Tool for migrating data from MSSQL to AWS Redshift part 3 / 3

This tool is now mostly finished. I just need to finish the integration tests for Pytest testing module. Otherwise please feel free to clone, fork or contribute.

You can find it here:

https://github.com/datahappy1/mssql_to_redshift_data_transfer_tool

 

Advertisements

Tool for migrating data from MSSQL to AWS Redshift part 2 / 3

As promised, here’s an update on this project. In the MSSQL part, the T-SQL code is pretty much ready, you can check out the installation script here:

https://github.com/datahappy1/mssql_to_redshift_data_transfer_tool/tree/master/install/mssql

So how is this going to work? The Python wrapper will call the Stored Procedure [MSSQL_to_Redshift].[mngmt].[Extract_Filter_BCP] using PyMSSQL module like this:


EXEC [mngmt].[Extract_Filter_BCP]
@DatabaseName = N'AdventureWorksDW2016',
@SchemaName = N'dbo',
@TargetDirectory = N'C:\mssql_to_redshift\files',
@DryRun = 'False'

You’ll provide the Database name and the schema name, that’s the database you’re connecting to and the schema that’s containing the source tables with the data you are about to transfer into AWS Redshift.
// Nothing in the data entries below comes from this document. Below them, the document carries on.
lemma sum_diag_unit_apply:
  "(\<Sum>a<n-1. tensor_scale (X a a) (diag_unit n a)) i j
    = (if i < n - 1 \<and> i = j then X i i else 0) - (if i = n - 1 \<and> j = n - 1 then (\<Sum>a<n-1. X a a) else 0)"
proof -
  have "(\<Sum>a<n-1. tensor_scale (X a a) (diag_unit n a)) i j
      = (\<Sum>a<n-1. (if a = i then (if i = j then X i i else 0) else 0)
                  - (if i = n - 1 \<and> j = n - 1 then X a a else 0))"
    unfolding sum_apply by (intro sum.cong refl) (auto simp: tensor_scale_def diag_unit_def)
  also have "\<dots> = (if i < n - 1 \<and> i = j then X i i else 0)
      - (if i = n - 1 \<and> j = n - 1 then (\<Sum>a<n-1. X a a) else 0)"
    unfolding sum_subtractf by (cases "i = n - 1 \<and> j = n - 1") (auto simp: sum.delta')
  finally show ?thesis .
qed

lemma S20_decomposition:
  assumes "n \<ge> 1" "X \<in> S20 n"
  shows "X = (\<Sum>(a, b)\<in>{(a, b). a < b \<and> b < n}. tensor_scale (X a b) (sym_unit a b))
    + (\<Sum>a<n-1. tensor_scale (X a a) (diag_unit n a))"
proof (intro ext)
  fix i j
  have sym: "X i j = X j i" and out: "n \<le> i \<or> n \<le> j \<Longrightarrow> X i j = 0"
    using assms(2) by (auto simp: S20_def)
  have "{..<n} = insert (n-1) {..<n-1}" using assms(1) by auto
  then have tr: "(\<Sum>a<n-1. X a a) = - X (n-1) (n-1)" using assms(2) by (simp add: S20_def)
  consider "i < j" | "j < i" | "i = j" "i < n - 1" | "i = j" "n - 1 \<le> i" by linarith
  then show "X i j = ((\<Sum>(a, b)\<in>{(a, b). a < b \<and> b < n}. tensor_scale (X a b) (sym_unit a b))
      + (\<Sum>a<n-1. tensor_scale (X a a) (diag_unit n a))) i j"
    unfolding plus_fun_apply sum_sym_unit_apply sum_diag_unit_apply tr
    by cases (use sym out assms(1) in auto)
qed
lemma colspace_Suc:
  "colspace T (Suc m) s n = extend T (extend T (colspace T m s n) (delay s m)) (delay n m)"
proof (intro set_eqI iffI)
  fix u
  assume "u \<in> colspace T (Suc m) s n"
  then obtain a b where u: "u = (\<lambda>t. if t < T then (\<Sum>j<Suc m. a j * delay s j t + b j * delay n j t) else 0)"
    unfolding colspace_def by auto
  define w where "w = (\<lambda>t. if t < T then (\<Sum>j<m. a j * delay s j t + b j * delay n j t) else 0)"
  have "w \<in> colspace T m s n"
    unfolding w_def by (rule colspaceI)
  then have "(\<lambda>t. (\<lambda>t. w t + a m * trunc T (delay s m) t) t + b m * trunc T (delay n m) t)
      \<in> extend T (extend T (colspace T m s n) (delay s m)) (delay n m)"
    by (intro extendI)
  moreover have "u = (\<lambda>t. (\<lambda>t. w t + a m * trunc T (delay s m) t) t + b m * trunc T (delay n m) t)"
    unfolding u w_def trunc_def by (auto simp: algebra_simps)
  ultimately show "u \<in> extend T (extend T (colspace T m s n) (delay s m)) (delay n m)"
    by simp
next
  fix u
  assume "u \<in> extend T (extend T (colspace T m s n) (delay s m)) (delay n m)"
  then obtain c1 c2 a b where u: "u = (\<lambda>t. (if t < T then (\<Sum>j<m. a j * delay s j t + b j * delay n j t) else 0)
      + c1 * trunc T (delay s m) t + c2 * trunc T (delay n m) t)"
    unfolding extend_def colspace_def by auto
  have "(\<Sum>j<m. (a(m := c1)) j * delay s j t + (b(m := c2)) j * delay n j t)
      = (\<Sum>j<m. a j * delay s j t + b j * delay n j t)" for t
    by (rule sum.cong) auto
  then have "u = (\<lambda>t. if t < T then (\<Sum>j<Suc m. (a(m := c1)) j * delay s j t + (b(m := c2)) j * delay n j t) else 0)"
    unfolding u trunc_def by (auto simp: algebra_simps)
  then show "u \<in> colspace T (Suc m) s n"
    by (simp add: colspaceI)
qed

lemma colspace_lin_closed_has_proj: "lin_closed (colspace T m s n) \<and> has_proj T (colspace T m s n)"
proof (induction m)
  case 0
  show ?case
    by (auto simp: colspace_0 lin_closed_def has_proj_def is_proj_def ip_def)
next
  case (Suc m)
  then show ?case
    by (simp add: colspace_Suc lin_closed_extend has_proj_extend)
qed
lemma fhms_threshold_iff:
  assumes "0 < r" "r < 1" "0 \<le> h" "s < 1"
  shows "r * (1 - s) / (2 * (1 + h - r * (h + s))) < f \<longleftrightarrow> 1 < 2 * (f + fhms_mu r h s * f)"
proof -
  have "0 < fhms_mu r h s" unfolding fhms_mu_def using assms by simp
  have "1 + h - r * (h + s) = r * (1 - s) * (1 + fhms_mu r h s)"
    using fhms_mu_balance[of r s h] assms by (simp add: algebra_simps)
  then have "r * (1 - s) / (2 * (1 + h - r * (h + s))) = 1 / (2 * (1 + fhms_mu r h s))"
    using assms by simp
  then show ?thesis using \<open>0 < fhms_mu r h s\<close> by (simp add: divide_less_eq algebra_simps)
qed

theorem mainTheorem2:
  fixes r \<alpha> h s fi :: real
  assumes "0 < r" "r < 1" "\<alpha> > 0" "h \<ge> 0" "0 \<le> s" "s < 1"
    and "fi > 0"
    and root: "r * \<alpha> * fhms_mu r h s * fi * (1 - (1 + fhms_mu r h s) * fi) = 1 + h"
    and lower: "r * (1 - s) / (2 * (1 + h - r * (h + s))) < fi"
    and "fi < r * (1 - s) / (1 + h - r * (h + s))"
  shows "loc_asym_stable (fhms_field r \<alpha> h s) (fi, fhms_mu r h s * fi)"
proof -
  define mi where "mi = fhms_mu r h s * fi"
  have "0 < mi" unfolding mi_def fhms_mu_def using assms(1-7) by simp
  note equilibrium = fhms_interior_equilibrium[OF assms(1-4,6,7) root, folded mi_def]
  have "1 < 2 * (fi + mi)" using lower fhms_threshold_iff[OF assms(1,2,4,6)] by (simp add: mi_def)
  note jacobian = fhms_jacobian_hurwitz[OF assms(1-3,7) \<open>0 < mi\<close> equilibrium(3) this]
  have "0 \<le> \<alpha> * (\<bar>1 - 2 * fi - 2 * mi\<bar> + fi + mi + 2)" using assms(3,7) \<open>0 < mi\<close> by simp
  from loc_asym_stable_planar_linearization[OF jacobian this
      fhms_field_linear_remainder[OF assms(1-3) _ _ equilibrium(1,2)]]
  show ?thesis using assms(7) \<open>0 < mi\<close> by (simp add: mi_def)
qed
end
definition simple_right_comodule ::
  "'b set \<Rightarrow> ('b \<Rightarrow> 'b \<Rightarrow> 'b \<Rightarrow> 'k::field) \<Rightarrow> ('b \<Rightarrow> 'k) \<Rightarrow> ('c \<Rightarrow> 'k) set \<Rightarrow> (('c \<Rightarrow> 'k) \<Rightarrow> 'b \<Rightarrow> ('c \<Rightarrow> 'k)) \<Rightarrow> bool" where
  "simple_right_comodule B Dc eps W rho \<longleftrightarrow>
     right_comodule B Dc eps W rho \<and> W \<noteq> {0} \<and>
     (\<forall>U. subcomodule W rho U \<longrightarrow> U = {0} \<or> U = W)"

definition comodule_iso ::
  "('c \<Rightarrow> 'k::field) set \<Rightarrow> (('c \<Rightarrow> 'k) \<Rightarrow> 'b \<Rightarrow> ('c \<Rightarrow> 'k)) \<Rightarrow>
   ('d \<Rightarrow> 'k) set \<Rightarrow> (('d \<Rightarrow> 'k) \<Rightarrow> 'b \<Rightarrow> ('d \<Rightarrow> 'k)) \<Rightarrow> bool" where
  "comodule_iso W1 rho1 W2 rho2 \<longleftrightarrow>
     (\<exists>T. bij_betw T W1 W2 \<and> is_linear_map W1 T \<and> (\<forall>w\<in>W1. \<forall>b. T (rho1 w b) = rho2 (T w) b))"

text \<open>Dual comodule of a (finite-dimensional) right comodule W over a Hopf algebra whose
  antipode has structure constants Sc (S(b') = sum_b Sc b' b  b):
  W* = linear functionals on W (extended by 0 outside W), with
  <phi_0, w> phi_1 = <phi, w_0> S(w_1).\<close>
definition dual_space :: "('c \<Rightarrow> 'k::field) set \<Rightarrow> ((('c \<Rightarrow> 'k) \<Rightarrow> 'k)) set" where
  "dual_space W = {\<phi>. is_linear_functional W \<phi> \<and> (\<forall>x. x \<notin> W \<longrightarrow> \<phi> x = 0)}"

definition dual_coaction ::
  "('b \<Rightarrow> 'b \<Rightarrow> 'k::field) \<Rightarrow> ('c \<Rightarrow> 'k) set \<Rightarrow> (('c \<Rightarrow> 'k) \<Rightarrow> 'b \<Rightarrow> ('c \<Rightarrow> 'k)) \<Rightarrow>
   (('c \<Rightarrow> 'k) \<Rightarrow> 'k) \<Rightarrow> 'b \<Rightarrow> (('c \<Rightarrow> 'k) \<Rightarrow> 'k)" where
  "dual_coaction Sc W rho \<phi> b =
     (\<lambda>w. if w \<in> W then (\<Sum>b'\<in>vsupp (rho w). \<phi> (rho w b') * Sc b' b) else 0)"
(* Let $f:\mathbb{R}^d\to\mathbb{R}$ be bounded below with $f^* := \inf_{x} f(x)$, and let $n\ge 1$ clients be indexed by $[n]=\{1,\dots,n\}$. Let ${\cal G}\subseteq[n]$ be a nonempty set with $G:=|{\cal G}|$ (the clients whose data distribution coincides with that of the target client). Consider the following process (\textsc{MeritFed}) with stepsize $\gamma>0$ and starting point $x^0\in\mathbb{R}^d$: at each iteration $t=0,1,\dots$, every client $i\in[n]$ sends a vector $g_i^t\in\mathbb{R}^d$ to the server, then the server chooses a (possibly random) weight vector $w^{t+1}\in\Delta_1^n$ and sets $$x^{t+1}=x^t-\gamma\sum_{i=1}^n w_i^{t+1} g_i^t .$$ Assume: 1. (Bounded variance) For every $t$ and every $i\in{\cal G}$, $g_i^t=g_i(x^t,\boldsymbol{\xi}_i^t)$ is a stochastic gradient computed from a fresh sample, satisfying $\mathbb{E}[g_i^t\mid x^t]=\nabla f(x^t)$ and $\mathbb{E}[\|g_i^t-\nabla f(x^t)\|^2\mid x^t]\le\sigma^2$ for some $\sigma\ge 0$, and the noises $g_i^t-\nabla f(x^t)$, $i\in{\cal G}$, are mutually independent conditionally on $x^t$. The vectors $g_i^t$ for $i\notin{\cal G}$ are arbitrary (no assumption is made on them). 2. (Smoothness) $f$ is $L$-smooth: $f(x)\le f(y)+\langle\nabla f(y),x-y\rangle+\frac{L}{2}\|x-y\|^2$ for all $x,y\in\mathbb{R}^d$. 3. (Inexact weight selection) For some $\delta\ge 0$ and every $t$, $$\mathbb{E}\big[f(x^{t+1})\mid x^t,\{g_i^t\}_{i=1}^n\big]-\min_{w\in\Delta_1^n} f\Big(x^t-\gamma\sum_{i=1}^n w_i g_i^t\Big)\le\delta .$$ If $\gamma\le\frac{1}{2L}$, then for every $T\ge1$, $$\frac1T\sum_{t=0}^{T-1}\mathbb{E}\|\nabla f(x^t)\|^2\le\frac{2(f(x^0)-f^* )}{T\gamma}+\frac{2\sigma^2\gamma L}{G}+\frac{2\delta}{\gamma}.$$ If, in addition, $f$ satisfies the Polyak–Łojasiewicz condition with parameter $\mu>0$, i.e. $f^*\ge f(x)-\frac{1}{2\mu}\|\nabla f(x)\|^2$ for all $x\in\mathbb{R}^d$, then for every $T\ge 1$, $$\mathbb{E}f(x^T)-f^*\le(1-\gamma\mu)^T\big(f(x^0)-f^*\big)+\frac{\sigma^2\gamma L}{\mu G}+\frac{\delta}{\gamma\mu}.$$
   Context: $\Delta_1^n=\{w\in\mathbb{R}^n:\sum_{i=1}^n w_i=1,\ w_i\ge0\ \forall i\}$ denotes the unit simplex. $\|\cdot\|$ is the Euclidean norm. The target problem is $\min_x f(x)$ where $f(x)=\mathbb{E}_{\xi\sim{\cal D}_1}[f_\xi(x)]$ is the expected loss of the target client; clients in ${\cal G}$ have the same data distribution ${\cal D}_1$, so their stochastic gradients are unbiased for $\nabla f$. Expectations $\mathbb{E}$ are over all randomness of the process. *)

theory Defs
  imports "HOL-Probability.Probability"
begin

definition simplex1 :: "nat \<Rightarrow> (nat \<Rightarrow> real) set" where
  "simplex1 n = {w. (\<forall>i\<in>{1..n}. 0 \<le> w i) \<and> (\<Sum>i\<in>{1..n}. w i) = 1}"

definition gen_sigma :: "'a measure \<Rightarrow> ('a \<Rightarrow> 'b::topological_space) set \<Rightarrow> 'a measure" where
  "gen_sigma M Xs = sigma (space M) (\<Union>X\<in>Xs. {X -` A \<inter> space M | A. A \<in> sets borel})"

definition cond_indep_vars ::
  "'a measure \<Rightarrow> 'a measure \<Rightarrow> ('i \<Rightarrow> 'a \<Rightarrow> 'b::topological_space) \<Rightarrow> 'i set \<Rightarrow> bool" where
  "cond_indep_vars M F X I \<longleftrightarrow>
     (\<forall>J A. J \<subseteq> I \<longrightarrow> finite J \<longrightarrow> J \<noteq> {} \<longrightarrow>
        (\<forall>j\<in>J. A j \<in> sets (gen_sigma M {X j})) \<longrightarrow>
        (AE \<omega> in M. real_cond_exp M F (indicator (\<Inter>j\<in>J. A j)) \<omega>
                     = (\<Prod>j\<in>J. real_cond_exp M F (indicator (A j)) \<omega>)))"

end

theory Submission
  imports Defs
begin

text \<open>
  Compare the step taken by the server with the step that gives weight 1/G to each client of
  Gs. By the inexact weight selection, the expected loss after the actual step exceeds the loss
  after this uniform step by at most \<delta>. The uniform step moves along the gradient plus the
  average of G conditionally independent centred noises, so the noise contributes no first-order
  term and only \<sigma>^2/G to the second moment; L-smoothness with \<gamma> \<le> 1/(2L) then gives
  E f(x(t+1)) \<le> E f(x t) - \<gamma>/2 E \<parallel>\<nabla>f(x t)\<parallel>^2 + \<delta> + L \<gamma>^2 \<sigma>^2/(2G).
  Telescoping this inequality gives the first bound; under the PL condition it becomes a
  contraction by 1 - \<gamma>\<mu>.\<close>

lemma space_gen_sigma [simp]: "space (gen_sigma M Xs) = space M"
  unfolding gen_sigma_def by (rule space_measure_of) auto

lemma sets_gen_sigma:
  "sets (gen_sigma M Xs) = sigma_sets (space M) (\<Union>X\<in>Xs. {X -` A \<inter> space M | A. A \<in> sets borel})"
  unfolding gen_sigma_def by (rule sets_measure_of) auto

lemma measurable_gen_sigma:
  assumes "X \<in> Xs"
  shows "X \<in> borel_measurable (gen_sigma M Xs)"
proof (rule measurableI)
  fix A :: "'b set"
  assume "A \<in> sets borel"
  then show "X -` A \<inter> space (gen_sigma M Xs) \<in> sets (gen_sigma M Xs)"
    unfolding sets_gen_sigma space_gen_sigma using assms by (intro sigma_sets.Basic) blast
qed auto

lemma sigma_finite_subalgebra_gen_sigma:
  assumes "prob_space M" "\<And>X. X \<in> Xs \<Longrightarrow> X \<in> borel_measurable M"
  shows "sigma_finite_subalgebra M (gen_sigma M Xs)"
proof -
  interpret prob_space M by fact
  have "sets (gen_sigma M Xs) \<subseteq> sets M"
    unfolding sets_gen_sigma
    by (rule sets.sigma_sets_subset) (use assms(2) measurable_sets in blast)
  then have "finite_measure_subalgebra M (gen_sigma M Xs)"
    by unfold_locales (auto simp: subalgebra_def)
  then show ?thesis by (rule finite_measure_subalgebra_is_sigma_finite)
qed

lemma continuous_on_GDERIV:
  assumes "\<And>y. GDERIV f y :> gradf y"
  shows "continuous_on UNIV f"
  using assms
  by (metis differentiable_imp_continuous_on differentiable_def differentiable_on_def gderiv_def)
You’ll also provide the target directory on your hard drive, that’s the location where the .csv files will be generated using bcp in the xp_cmdshell wrapper inside the Stored Procedure. This target directory will be created for you inside the Python code in the final version. The last parameter is called DryRun. When set to True, BCP extraction query is modified to return 0 rows for each file using “WHERE 1 = 0” pattern.

Once the Python coding part is ready, these Stored Procedure parameters will be internal and you’ll set these values as arguments while running the Python app.

This SP returns a Python-ready “string tuple” with the generated file names from the current run, in the case it succeeded. This tuple will be used further in the Python code to guarantee we pick up and move over to AWS Redshift only the expected set of files.

The main thing here is, that you need to fill out a table called mngmt.ControlTable. In the Github installation script, I loaded this table with the AdventureWorks DataWarehouse 2016 database columns for the demo purposes. So this table holds values like this:

ControlTable The IsActive flag determines, if the column makes it to the generated .csv file created for the corresponding table. Column_id is defining the order of the columns persisted into the .csv file.

The Stored Procedure [MSSQL_to_Redshift].[mngmt].[Extract_Filter_BCP] is writing the logs to a table called [mngmt].[ExecutionLogs] like this:

ExecutionLogs

And that’s all for now. Have a look at the installation build script, that should be pretty self-explanatory.

 

Tool for migrating data from MSSQL to AWS Redshift part 1 / 3

Today, I’d like to introduce to you my new project, a SQLServer to AWS Redshift data migration tool . There’s not much tooling for this out there on the Internet, so I hope this tool is going to be valuable for some of you. It’s going to be written in Python 3.7 and once finished, it will be published to my Github account under a MIT Licence. What I’m currently doing is going to be described here in this blog in 2 phases.

Phase #1 will be all about SQL Server coding, there I’ll need to:

  • extract and filter the data from the SQL Server tables I need to transfer to AWS Redshift
  • I’ll need to persist this data using dynamically generated BCP commands into .csv files ( these .csv files will be split based on the target Redshift tables )
  • I’ll need to store these .csv files on a local hard drive.

Untitled Diagram

Phase #2 will be about Python and AWS Boto3 libraries and wrapping this tool all together to push the data through all the way to AWS Redshift. That means:

  • Upload the .csv files from Phase #1 into a AWS S3 bucket
  • Run the copy commands to load these .csv files to AWS Redshift target tables
  • Do the cleanup of the files and write log data

Untitled Diagram2

As soon as I have this initial version out, I would like to extend this tool to be capable of running incremental data loads based on watermarks as well.